El sistema agroalimentario actual parece diseñado bajo una lógica contradictoria: si a todos los productores les va bien, los precios caen y, paradójicamente, todos pierden. Una buena temporada general puede derivar en una sobreoferta, lo que desploma los precios y perjudica tanto a agricultores como a comercializadores por igual.

En cambio, cuando una región enfrenta sequías, plagas o conflictos, otras se benefician al aprovechar la escasez para vender más y a mejores precios. Esta dinámica, profundamente arraigada en el sistema capitalista, ha normalizado desigualdades estructurales, donde el éxito de unos depende inevitablemente de la desgracia de otros.

¿Por qué el agro es un sector tan desequilibrado e injusto?

La agricultura, a pesar de ser la base material de toda civilización, sigue siendo uno de los sectores más desequilibrados e injustos del sistema económico global. Alimenta a la humanidad, pero quienes la sostienen con su trabajo son, paradójicamente, quienes menos se benefician de su valor. Detrás de cada alimento que llega a la mesa hay una red compleja de relaciones desiguales, donde el capital, la tecnología y el comercio internacional determinan la distribución del poder mucho más que la tierra o el conocimiento agronómico. El agro, lejos de ser un espacio neutral de producción, refleja las asimetrías estructurales de la economía mundial: concentración de recursos, dependencia tecnológica y vulnerabilidad social.

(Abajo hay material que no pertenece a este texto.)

lemma perturbed_damped_oscillator_bigo:
  fixes z z' z'' r f :: "real \<Rightarrow> real" and a b l :: real
  assumes "a > 0" "b > 0" "l > 0"
    and deriv: "\<forall>\<^sub>F t in at_bot.
      (z has_real_derivative z' t) (at t) \<and> (z' has_real_derivative z'' t) (at t)"
    and ode: "\<forall>\<^sub>F t in at_bot. z'' t + a * z' t + b * z t + r t + f t = 0"
    and "(z \<longlongrightarrow> 0) at_bot" "r \<in> o[at_bot](z)" "f \<in> O[at_bot](\<lambda>t. exp (l * t))"
  shows "z \<in> O[at_bot](\<lambda>t. exp (l * t))"
proof -
  obtain \<eta> \<delta> where "\<eta> > 0" "\<delta> > 0" and dissipation: "\<And>z w r f. \<bar>r\<bar> \<le> \<eta> * \<bar>z\<bar> \<Longrightarrow>
      - a * w^2 - a * b * z^2 - (r + f) * (2 * w + a * z) \<le> - \<delta> * lyapunov a b z w + (4 / a + a / b) * f^2"
    using lyapunov_dissipation[OF assms(1,2)] by blast
  obtain C where f_bound: "\<forall>\<^sub>F t in at_bot. \<bar>f t\<bar> \<le> C * exp (l * t)"
    using assms(8) by (auto elim!: landau_o.bigE)
  have r_bound: "\<forall>\<^sub>F t in at_bot. \<bar>r t\<bar> \<le> \<eta> * \<bar>z t\<bar>"
    using landau_o.smallD[OF assms(7) \<open>\<eta> > 0\<close>] by simp
  define V where "V t = lyapunov a b (z t) (z' t)" for t
  define V' where "V' t = - a * z' t^2 - a * b * z t^2 - (r t + f t) * (2 * z' t + a * z t)" for t
  define K where "K = (4 / a + a / b) * C^2"
  have "\<forall>\<^sub>F t in at_bot. (V has_real_derivative V' t) (at t) \<and>
      V' t \<le> - \<delta> * V t + K * exp ((2 * l) * t)"
    using deriv ode f_bound r_bound
  proof eventually_elim
    case (elim t)
    have "f t^2 \<le> (C * exp (l * t))^2"
      using elim(3) by (metis abs_ge_zero power2_abs power_mono)
    also have "\<dots> = C^2 * exp ((2 * l) * t)"
      by (simp add: power_mult_distrib mult.assoc exp_double[symmetric])
    finally have "(4 / a + a / b) * f t^2 \<le> K * exp ((2 * l) * t)"
      unfolding K_def mult.assoc using assms(1,2) by (intro mult_left_mono) auto
    with dissipation[OF elim(4), of "z' t" "f t"] have bound: "V' t \<le> - \<delta> * V t + K * exp ((2 * l) * t)"
      unfolding V_def V'_def by linarith
    have sum: "z'' t + a * z' t + b * z t = - (r t + f t)" using elim(2) by linarith
    have "V' t = - a * z' t^2 - a * b * z t^2 + (z'' t + a * z' t + b * z t) * (2 * z' t + a * z t)"
      unfolding V'_def sum by (simp add: algebra_simps)
    then have "(V has_real_derivative V' t) (at t)"
      using lyapunov_has_real_derivative[of z z' t z'' a b] elim(1) unfolding V_def[abs_def] by simp
    with bound show ?case by blast
  qed
  moreover have "\<exists>\<^sub>F t in at_bot. V t \<le> 1 + a + b + a^2 / 2"
  proof -
    have "\<forall>\<^sub>F t in at_bot. \<bar>z t\<bar> \<le> 1"
      using tendstoD[OF assms(6), of 1] by (auto elim: eventually_mono)
    moreover have "\<exists>\<^sub>F t in at_bot. \<bar>z' t\<bar> \<le> 1"
      using deriv by (intro frequently_small_derivative[OF assms(6) _ zero_less_one])
        (auto elim: eventually_mono)
    ultimately have "\<exists>\<^sub>F t in at_bot. \<bar>z' t\<bar> \<le> 1 \<and> \<bar>z t\<bar> \<le> 1"
      by (rule frequently_eventually_frequently[rotated])
    then show ?thesis
      unfolding V_def using assms(1,2) by (auto elim!: frequently_elim1 intro: lyapunov_le_of_abs_le_1)
  qed
  ultimately have V_bound: "\<forall>\<^sub>F t in at_bot. V t \<le> K / (\<delta> + 2 * l) * exp ((2 * l) * t)"
    using \<open>\<delta> > 0\<close> assms(1-3) by (intro differential_inequality_exp_bound) (auto simp: K_def)
  show ?thesis
  proof (rule bigoI)
    show "\<forall>\<^sub>F t in at_bot. norm (z t) \<le> sqrt (K / (\<delta> + 2 * l) / b) * norm (exp (l * t))"
      using V_bound
    proof eventually_elim
      case (elim t)
      have "b * z t^2 \<le> K / (\<delta> + 2 * l) * exp (l * t)^2"
        using lyapunov_ge[of b "z t" a "z' t"] elim unfolding V_def
        by (simp add: exp_double[symmetric] mult.assoc)
      then have "b * z t^2 / b \<le> K / (\<delta> + 2 * l) * exp (l * t)^2 / b"
        using assms(2) by (intro divide_right_mono) auto
      then have "z t^2 \<le> (K / (\<delta> + 2 * l) / b) * exp (l * t)^2"
        using assms(2) by simp
      then have "sqrt (z t^2) \<le> sqrt (K / (\<delta> + 2 * l) / b * exp (l * t)^2)"
        by (rule real_sqrt_le_mono)
      then show ?case unfolding real_sqrt_mult by simp
    qed
  qed
qed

El desequilibrio comienza con la estructura de la propiedad de la tierra. En la mayoría de los países, una minoría concentra la mayor parte de las superficies cultivables, mientras millones de pequeños productores subsisten en parcelas fragmentadas o en terrenos de baja calidad. Este fenómeno no es nuevo; es la herencia de siglos de colonización, reformas agrarias incompletas y políticas que favorecieron la acumulación de tierras en pocas manos. La concentración territorial genera poder político y económico, lo que permite a los grandes productores influir en los precios, los subsidios y las regulaciones. Los pequeños agricultores, en cambio, se encuentran atrapados en una economía de subsistencia, sin acceso a crédito ni infraestructura. Así, la tierra, el primer factor de producción agrícola, se convierte también en el primer mecanismo de exclusión.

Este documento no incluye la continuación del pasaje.